Exercise brief:
Output exactly the lines below, starting with the line that has "Composition (p \<rightarrow>" and going on through the line that has "M \<Longrightarrow> mult a one", both included, and no other lines.
--- The records Enclosed Below ---
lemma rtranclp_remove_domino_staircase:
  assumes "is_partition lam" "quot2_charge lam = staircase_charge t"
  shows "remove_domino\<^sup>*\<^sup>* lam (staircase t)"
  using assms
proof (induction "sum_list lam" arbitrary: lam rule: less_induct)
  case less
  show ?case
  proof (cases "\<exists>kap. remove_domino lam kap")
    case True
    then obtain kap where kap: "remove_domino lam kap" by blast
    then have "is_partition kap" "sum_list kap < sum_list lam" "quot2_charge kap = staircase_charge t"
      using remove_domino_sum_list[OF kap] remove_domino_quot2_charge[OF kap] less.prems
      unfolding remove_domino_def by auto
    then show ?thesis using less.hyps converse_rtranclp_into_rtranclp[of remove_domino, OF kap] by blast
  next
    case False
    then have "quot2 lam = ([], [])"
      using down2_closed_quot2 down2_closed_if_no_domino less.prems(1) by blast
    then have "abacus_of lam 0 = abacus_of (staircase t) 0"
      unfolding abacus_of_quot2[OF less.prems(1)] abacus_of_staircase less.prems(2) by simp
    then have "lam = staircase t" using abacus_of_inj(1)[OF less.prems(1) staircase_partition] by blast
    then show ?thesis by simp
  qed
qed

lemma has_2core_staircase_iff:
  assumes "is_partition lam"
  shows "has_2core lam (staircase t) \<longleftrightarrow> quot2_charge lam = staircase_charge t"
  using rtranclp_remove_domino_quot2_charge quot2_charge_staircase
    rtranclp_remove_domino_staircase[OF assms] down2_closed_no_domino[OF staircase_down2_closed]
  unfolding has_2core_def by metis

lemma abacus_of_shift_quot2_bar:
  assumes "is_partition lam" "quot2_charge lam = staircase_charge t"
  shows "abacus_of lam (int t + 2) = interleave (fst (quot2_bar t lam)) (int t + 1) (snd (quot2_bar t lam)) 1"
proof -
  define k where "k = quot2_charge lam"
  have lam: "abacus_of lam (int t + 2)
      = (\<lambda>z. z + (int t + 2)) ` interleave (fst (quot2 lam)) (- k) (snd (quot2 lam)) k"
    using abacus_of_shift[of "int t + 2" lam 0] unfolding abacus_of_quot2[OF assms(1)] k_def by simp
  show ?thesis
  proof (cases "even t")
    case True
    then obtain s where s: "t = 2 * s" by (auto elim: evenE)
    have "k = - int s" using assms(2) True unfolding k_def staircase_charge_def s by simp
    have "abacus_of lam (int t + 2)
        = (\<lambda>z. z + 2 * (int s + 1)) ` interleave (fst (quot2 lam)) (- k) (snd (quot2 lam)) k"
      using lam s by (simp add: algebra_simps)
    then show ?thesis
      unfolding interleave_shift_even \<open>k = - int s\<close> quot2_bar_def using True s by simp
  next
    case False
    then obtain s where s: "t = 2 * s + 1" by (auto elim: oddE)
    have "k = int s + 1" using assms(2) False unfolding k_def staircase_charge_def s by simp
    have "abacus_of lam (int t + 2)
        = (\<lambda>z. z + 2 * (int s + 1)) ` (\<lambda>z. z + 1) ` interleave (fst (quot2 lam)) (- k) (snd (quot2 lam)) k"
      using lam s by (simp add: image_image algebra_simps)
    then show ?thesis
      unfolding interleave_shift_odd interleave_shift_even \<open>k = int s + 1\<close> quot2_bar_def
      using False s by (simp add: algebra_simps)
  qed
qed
--- End of Enclosed The records ---
--- The records Enclosed Below ---
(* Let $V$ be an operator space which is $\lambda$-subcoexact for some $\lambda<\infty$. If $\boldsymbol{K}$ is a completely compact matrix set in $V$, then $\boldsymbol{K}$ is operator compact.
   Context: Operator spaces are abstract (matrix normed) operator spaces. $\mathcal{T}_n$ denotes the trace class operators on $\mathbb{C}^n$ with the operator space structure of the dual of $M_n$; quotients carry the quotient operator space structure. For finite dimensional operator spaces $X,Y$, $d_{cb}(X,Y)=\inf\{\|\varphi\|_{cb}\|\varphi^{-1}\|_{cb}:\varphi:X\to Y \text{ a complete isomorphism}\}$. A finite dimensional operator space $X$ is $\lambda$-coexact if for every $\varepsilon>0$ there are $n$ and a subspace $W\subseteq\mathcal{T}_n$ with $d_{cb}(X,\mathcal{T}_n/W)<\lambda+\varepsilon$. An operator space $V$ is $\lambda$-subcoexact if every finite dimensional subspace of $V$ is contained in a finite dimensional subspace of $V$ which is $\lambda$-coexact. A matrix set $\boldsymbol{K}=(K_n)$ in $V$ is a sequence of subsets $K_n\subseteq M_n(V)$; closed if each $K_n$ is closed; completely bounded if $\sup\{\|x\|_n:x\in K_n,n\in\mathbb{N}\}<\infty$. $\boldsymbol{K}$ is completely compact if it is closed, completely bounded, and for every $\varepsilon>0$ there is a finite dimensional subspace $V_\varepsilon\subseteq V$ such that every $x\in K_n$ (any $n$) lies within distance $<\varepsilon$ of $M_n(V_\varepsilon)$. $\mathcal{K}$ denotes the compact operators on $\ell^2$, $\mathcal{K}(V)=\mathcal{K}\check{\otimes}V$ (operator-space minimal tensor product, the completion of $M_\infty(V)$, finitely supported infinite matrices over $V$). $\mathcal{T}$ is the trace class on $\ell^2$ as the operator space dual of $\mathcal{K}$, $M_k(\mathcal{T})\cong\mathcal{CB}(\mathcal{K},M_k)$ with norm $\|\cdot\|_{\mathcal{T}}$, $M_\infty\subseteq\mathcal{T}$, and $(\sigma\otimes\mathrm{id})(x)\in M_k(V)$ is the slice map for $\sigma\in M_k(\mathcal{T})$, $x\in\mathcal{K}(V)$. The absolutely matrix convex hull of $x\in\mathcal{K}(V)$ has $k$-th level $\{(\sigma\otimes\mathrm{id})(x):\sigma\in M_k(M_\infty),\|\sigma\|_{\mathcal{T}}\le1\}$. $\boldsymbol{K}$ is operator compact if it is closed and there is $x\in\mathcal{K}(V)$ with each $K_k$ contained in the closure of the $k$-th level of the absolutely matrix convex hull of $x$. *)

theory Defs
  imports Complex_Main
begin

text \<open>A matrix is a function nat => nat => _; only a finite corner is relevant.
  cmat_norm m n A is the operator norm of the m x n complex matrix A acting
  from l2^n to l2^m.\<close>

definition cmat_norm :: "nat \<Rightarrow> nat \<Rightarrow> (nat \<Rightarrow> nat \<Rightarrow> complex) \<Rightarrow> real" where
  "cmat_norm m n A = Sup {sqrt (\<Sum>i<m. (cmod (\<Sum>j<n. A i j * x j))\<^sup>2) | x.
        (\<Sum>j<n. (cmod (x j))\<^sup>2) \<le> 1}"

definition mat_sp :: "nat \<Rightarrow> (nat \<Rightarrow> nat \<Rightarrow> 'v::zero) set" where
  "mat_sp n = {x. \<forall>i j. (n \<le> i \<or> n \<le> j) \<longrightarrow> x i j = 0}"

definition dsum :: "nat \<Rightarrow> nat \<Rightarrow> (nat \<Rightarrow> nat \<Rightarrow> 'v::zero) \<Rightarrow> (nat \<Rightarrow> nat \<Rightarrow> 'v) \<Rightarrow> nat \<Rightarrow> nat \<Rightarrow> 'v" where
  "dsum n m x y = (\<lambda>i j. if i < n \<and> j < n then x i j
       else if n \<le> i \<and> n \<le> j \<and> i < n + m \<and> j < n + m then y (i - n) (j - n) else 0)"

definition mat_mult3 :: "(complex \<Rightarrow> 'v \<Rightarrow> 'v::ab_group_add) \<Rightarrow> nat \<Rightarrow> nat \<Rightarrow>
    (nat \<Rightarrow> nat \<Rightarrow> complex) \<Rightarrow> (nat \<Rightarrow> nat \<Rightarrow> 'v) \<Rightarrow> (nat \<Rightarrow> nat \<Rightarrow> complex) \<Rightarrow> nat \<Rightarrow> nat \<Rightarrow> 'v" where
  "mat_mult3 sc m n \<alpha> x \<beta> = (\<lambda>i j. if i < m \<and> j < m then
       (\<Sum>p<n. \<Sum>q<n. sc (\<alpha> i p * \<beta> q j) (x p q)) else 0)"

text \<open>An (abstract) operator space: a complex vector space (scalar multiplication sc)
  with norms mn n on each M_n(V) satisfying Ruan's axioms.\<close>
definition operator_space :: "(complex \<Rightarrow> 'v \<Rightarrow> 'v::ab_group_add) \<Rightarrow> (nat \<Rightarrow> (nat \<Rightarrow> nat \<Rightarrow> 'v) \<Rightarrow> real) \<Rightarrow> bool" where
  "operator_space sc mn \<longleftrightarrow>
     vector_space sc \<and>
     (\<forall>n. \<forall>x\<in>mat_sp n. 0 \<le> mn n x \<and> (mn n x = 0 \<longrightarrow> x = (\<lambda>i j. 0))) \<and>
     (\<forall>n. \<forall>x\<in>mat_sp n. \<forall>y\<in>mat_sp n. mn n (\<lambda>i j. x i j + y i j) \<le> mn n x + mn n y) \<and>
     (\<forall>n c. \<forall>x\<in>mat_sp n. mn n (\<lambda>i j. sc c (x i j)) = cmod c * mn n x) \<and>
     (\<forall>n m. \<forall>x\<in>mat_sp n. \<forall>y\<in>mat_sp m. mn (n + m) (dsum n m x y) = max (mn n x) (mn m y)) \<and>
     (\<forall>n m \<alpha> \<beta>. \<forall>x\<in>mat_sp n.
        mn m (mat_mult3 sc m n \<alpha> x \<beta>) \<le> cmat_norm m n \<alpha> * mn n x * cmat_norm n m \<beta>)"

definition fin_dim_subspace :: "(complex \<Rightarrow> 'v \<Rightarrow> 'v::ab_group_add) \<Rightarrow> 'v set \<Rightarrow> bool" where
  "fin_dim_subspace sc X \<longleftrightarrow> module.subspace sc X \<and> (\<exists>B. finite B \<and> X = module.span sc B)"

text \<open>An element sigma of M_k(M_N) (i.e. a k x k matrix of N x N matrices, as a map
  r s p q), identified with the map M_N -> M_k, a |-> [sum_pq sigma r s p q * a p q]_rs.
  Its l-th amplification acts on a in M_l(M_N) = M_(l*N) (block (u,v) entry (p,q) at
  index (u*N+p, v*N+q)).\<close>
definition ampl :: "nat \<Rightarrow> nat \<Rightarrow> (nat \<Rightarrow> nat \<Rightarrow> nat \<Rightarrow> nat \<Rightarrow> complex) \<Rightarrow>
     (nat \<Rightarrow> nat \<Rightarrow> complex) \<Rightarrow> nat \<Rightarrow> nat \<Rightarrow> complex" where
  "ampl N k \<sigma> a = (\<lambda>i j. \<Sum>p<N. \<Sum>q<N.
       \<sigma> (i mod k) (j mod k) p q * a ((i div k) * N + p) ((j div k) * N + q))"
--- End of Enclosed The records ---
--- The records Enclosed Below ---
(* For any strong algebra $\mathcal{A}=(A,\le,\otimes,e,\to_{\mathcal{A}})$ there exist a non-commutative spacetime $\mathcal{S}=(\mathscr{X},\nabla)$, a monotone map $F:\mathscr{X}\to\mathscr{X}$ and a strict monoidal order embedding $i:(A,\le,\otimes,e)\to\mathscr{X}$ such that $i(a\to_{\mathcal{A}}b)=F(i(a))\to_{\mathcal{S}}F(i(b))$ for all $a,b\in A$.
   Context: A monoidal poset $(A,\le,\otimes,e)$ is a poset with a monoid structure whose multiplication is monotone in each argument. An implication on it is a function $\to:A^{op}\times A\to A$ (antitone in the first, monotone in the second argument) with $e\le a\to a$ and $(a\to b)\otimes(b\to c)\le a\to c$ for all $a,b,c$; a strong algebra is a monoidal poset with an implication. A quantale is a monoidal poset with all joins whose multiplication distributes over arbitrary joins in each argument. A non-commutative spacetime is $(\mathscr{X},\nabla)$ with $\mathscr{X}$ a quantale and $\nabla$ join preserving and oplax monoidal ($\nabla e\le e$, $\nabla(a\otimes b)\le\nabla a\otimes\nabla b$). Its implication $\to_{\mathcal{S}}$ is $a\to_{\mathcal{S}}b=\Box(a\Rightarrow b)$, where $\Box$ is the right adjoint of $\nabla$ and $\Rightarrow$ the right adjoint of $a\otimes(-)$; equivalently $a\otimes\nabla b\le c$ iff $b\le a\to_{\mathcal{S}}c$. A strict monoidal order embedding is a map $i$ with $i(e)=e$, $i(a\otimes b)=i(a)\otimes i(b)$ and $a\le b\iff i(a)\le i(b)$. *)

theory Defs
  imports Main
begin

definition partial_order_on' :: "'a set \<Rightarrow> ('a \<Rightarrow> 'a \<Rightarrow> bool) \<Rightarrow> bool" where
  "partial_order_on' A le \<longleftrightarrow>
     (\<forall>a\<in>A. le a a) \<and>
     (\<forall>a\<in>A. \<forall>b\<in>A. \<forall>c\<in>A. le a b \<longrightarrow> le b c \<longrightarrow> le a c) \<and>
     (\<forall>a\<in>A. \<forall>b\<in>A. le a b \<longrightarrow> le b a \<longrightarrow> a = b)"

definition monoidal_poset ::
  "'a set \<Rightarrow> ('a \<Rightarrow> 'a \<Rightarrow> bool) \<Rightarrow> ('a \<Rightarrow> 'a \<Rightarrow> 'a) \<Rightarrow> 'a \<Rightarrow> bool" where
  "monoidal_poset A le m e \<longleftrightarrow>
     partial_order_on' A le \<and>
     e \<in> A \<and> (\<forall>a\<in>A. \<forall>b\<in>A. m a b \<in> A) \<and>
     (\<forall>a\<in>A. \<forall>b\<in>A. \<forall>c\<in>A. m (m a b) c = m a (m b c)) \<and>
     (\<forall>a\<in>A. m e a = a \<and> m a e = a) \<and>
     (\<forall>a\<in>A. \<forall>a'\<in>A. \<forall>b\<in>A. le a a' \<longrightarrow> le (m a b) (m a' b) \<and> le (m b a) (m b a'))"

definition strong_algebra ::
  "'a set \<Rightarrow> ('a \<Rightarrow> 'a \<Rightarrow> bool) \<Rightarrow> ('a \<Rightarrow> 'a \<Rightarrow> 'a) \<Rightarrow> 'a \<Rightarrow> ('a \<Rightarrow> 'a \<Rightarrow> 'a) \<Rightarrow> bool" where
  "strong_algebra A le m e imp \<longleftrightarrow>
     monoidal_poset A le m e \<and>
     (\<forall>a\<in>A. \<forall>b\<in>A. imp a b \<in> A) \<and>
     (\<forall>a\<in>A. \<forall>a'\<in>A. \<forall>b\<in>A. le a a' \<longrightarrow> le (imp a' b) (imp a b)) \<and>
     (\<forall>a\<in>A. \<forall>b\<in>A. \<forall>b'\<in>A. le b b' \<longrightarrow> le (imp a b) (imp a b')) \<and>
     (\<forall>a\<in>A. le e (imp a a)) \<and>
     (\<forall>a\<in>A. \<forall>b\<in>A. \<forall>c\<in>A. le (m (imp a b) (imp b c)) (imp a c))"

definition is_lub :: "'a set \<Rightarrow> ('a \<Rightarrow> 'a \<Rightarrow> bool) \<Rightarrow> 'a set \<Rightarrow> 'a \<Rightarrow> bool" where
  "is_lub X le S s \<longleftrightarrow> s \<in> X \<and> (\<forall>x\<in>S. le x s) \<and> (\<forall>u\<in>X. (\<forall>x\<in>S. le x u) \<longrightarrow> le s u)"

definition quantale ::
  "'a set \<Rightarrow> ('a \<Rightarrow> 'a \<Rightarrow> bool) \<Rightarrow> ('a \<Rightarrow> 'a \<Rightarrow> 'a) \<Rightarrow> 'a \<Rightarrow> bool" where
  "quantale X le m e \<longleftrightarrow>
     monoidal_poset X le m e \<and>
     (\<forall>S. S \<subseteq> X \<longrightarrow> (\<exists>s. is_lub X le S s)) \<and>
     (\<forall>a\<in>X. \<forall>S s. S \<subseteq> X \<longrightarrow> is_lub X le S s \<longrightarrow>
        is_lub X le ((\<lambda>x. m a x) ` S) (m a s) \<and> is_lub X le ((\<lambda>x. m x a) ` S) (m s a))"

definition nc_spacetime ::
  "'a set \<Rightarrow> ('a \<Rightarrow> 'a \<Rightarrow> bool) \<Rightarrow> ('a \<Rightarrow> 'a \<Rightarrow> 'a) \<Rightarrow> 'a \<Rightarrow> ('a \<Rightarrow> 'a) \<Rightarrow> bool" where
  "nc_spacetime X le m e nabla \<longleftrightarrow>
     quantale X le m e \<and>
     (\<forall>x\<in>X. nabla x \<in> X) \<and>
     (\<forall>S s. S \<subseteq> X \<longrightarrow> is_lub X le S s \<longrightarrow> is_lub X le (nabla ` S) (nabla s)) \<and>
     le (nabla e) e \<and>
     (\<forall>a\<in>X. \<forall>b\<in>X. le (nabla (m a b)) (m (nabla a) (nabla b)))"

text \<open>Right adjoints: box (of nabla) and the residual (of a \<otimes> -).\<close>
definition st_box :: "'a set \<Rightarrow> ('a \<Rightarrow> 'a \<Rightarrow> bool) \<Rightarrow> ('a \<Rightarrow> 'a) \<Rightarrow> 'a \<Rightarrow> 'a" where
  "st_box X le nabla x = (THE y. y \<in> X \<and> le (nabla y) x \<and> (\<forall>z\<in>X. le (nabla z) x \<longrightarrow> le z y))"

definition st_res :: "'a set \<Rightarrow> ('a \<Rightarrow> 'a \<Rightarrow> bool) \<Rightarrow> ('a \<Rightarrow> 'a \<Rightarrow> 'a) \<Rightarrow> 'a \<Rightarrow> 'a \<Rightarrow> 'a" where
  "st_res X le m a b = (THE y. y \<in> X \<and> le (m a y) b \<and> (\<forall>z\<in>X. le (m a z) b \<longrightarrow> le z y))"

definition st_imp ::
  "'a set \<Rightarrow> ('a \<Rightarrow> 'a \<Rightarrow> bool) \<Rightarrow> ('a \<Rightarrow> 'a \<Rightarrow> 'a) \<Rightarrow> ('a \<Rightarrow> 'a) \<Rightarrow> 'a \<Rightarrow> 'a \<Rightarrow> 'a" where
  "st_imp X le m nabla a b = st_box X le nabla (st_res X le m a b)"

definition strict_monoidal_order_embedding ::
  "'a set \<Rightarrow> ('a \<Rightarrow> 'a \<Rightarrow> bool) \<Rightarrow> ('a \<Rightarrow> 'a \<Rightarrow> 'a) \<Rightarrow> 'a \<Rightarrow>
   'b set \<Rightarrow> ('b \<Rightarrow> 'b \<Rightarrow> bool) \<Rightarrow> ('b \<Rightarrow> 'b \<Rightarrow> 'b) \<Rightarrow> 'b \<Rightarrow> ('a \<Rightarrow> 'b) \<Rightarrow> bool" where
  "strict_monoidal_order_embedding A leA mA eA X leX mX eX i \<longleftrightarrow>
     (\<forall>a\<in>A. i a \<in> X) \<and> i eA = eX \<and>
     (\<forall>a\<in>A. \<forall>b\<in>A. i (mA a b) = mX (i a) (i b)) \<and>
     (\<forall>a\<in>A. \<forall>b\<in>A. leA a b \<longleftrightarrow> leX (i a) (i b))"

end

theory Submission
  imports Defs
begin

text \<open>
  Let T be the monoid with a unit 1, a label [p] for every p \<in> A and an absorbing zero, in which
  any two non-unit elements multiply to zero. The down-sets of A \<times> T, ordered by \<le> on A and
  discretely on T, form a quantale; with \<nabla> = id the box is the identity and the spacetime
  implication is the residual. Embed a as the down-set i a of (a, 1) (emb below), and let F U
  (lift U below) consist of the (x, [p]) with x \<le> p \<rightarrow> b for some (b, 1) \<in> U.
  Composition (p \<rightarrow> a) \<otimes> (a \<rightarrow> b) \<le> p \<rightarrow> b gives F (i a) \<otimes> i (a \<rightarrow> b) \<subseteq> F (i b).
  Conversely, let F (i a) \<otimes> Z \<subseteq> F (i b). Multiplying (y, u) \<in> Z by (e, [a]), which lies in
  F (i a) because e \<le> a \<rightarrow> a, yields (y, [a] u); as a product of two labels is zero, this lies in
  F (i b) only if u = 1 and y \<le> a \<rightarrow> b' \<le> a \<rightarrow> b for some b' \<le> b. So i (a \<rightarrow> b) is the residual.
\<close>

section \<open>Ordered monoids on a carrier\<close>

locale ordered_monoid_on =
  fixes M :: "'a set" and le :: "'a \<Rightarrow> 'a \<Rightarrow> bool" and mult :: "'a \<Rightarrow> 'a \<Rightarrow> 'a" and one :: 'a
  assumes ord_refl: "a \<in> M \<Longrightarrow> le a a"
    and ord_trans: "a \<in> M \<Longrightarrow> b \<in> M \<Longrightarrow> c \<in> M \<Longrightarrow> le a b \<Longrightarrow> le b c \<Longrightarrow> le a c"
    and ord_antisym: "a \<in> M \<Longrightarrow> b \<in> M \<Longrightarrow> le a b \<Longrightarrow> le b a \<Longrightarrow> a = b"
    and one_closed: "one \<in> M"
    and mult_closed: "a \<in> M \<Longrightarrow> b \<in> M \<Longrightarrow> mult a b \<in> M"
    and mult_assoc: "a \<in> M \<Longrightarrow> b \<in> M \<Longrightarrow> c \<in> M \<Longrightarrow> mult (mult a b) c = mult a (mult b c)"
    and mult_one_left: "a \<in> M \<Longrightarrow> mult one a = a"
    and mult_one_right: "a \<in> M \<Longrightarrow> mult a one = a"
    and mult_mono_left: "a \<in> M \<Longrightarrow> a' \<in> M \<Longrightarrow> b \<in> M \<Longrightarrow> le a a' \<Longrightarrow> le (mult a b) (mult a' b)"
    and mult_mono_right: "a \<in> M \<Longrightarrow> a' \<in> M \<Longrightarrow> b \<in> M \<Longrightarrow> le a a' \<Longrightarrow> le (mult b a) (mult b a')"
--- End of Enclosed The records ---
Exercise result:
  Composition (p \<rightarrow> a) \<otimes> (a \<rightarrow> b) \<le> p \<rightarrow> b gives F (i a) \<otimes> i (a \<rightarrow> b) \<subseteq> F (i b).
  Conversely, let F (i a) \<otimes> Z \<subseteq> F (i b). Multiplying (y, u) \<in> Z by (e, [a]), which lies in
  F (i a) because e \<le> a \<rightarrow> a, yields (y, [a] u); as a product of two labels is zero, this lies in
  F (i b) only if u = 1 and y \<le> a \<rightarrow> b' \<le> a \<rightarrow> b for some b' \<le> b. So i (a \<rightarrow> b) is the residual.
\<close>

section \<open>Ordered monoids on a carrier\<close>

locale ordered_monoid_on =
  fixes M :: "'a set" and le :: "'a \<Rightarrow> 'a \<Rightarrow> bool" and mult :: "'a \<Rightarrow> 'a \<Rightarrow> 'a" and one :: 'a
  assumes ord_refl: "a \<in> M \<Longrightarrow> le a a"
    and ord_trans: "a \<in> M \<Longrightarrow> b \<in> M \<Longrightarrow> c \<in> M \<Longrightarrow> le a b \<Longrightarrow> le b c \<Longrightarrow> le a c"
    and ord_antisym: "a \<in> M \<Longrightarrow> b \<in> M \<Longrightarrow> le a b \<Longrightarrow> le b a \<Longrightarrow> a = b"
    and one_closed: "one \<in> M"
    and mult_closed: "a \<in> M \<Longrightarrow> b \<in> M \<Longrightarrow> mult a b \<in> M"
    and mult_assoc: "a \<in> M \<Longrightarrow> b \<in> M \<Longrightarrow> c \<in> M \<Longrightarrow> mult (mult a b) c = mult a (mult b c)"
    and mult_one_left: "a \<in> M \<Longrightarrow> mult one a = a"
    and mult_one_right: "a \<in> M \<Longrightarrow> mult a one = a"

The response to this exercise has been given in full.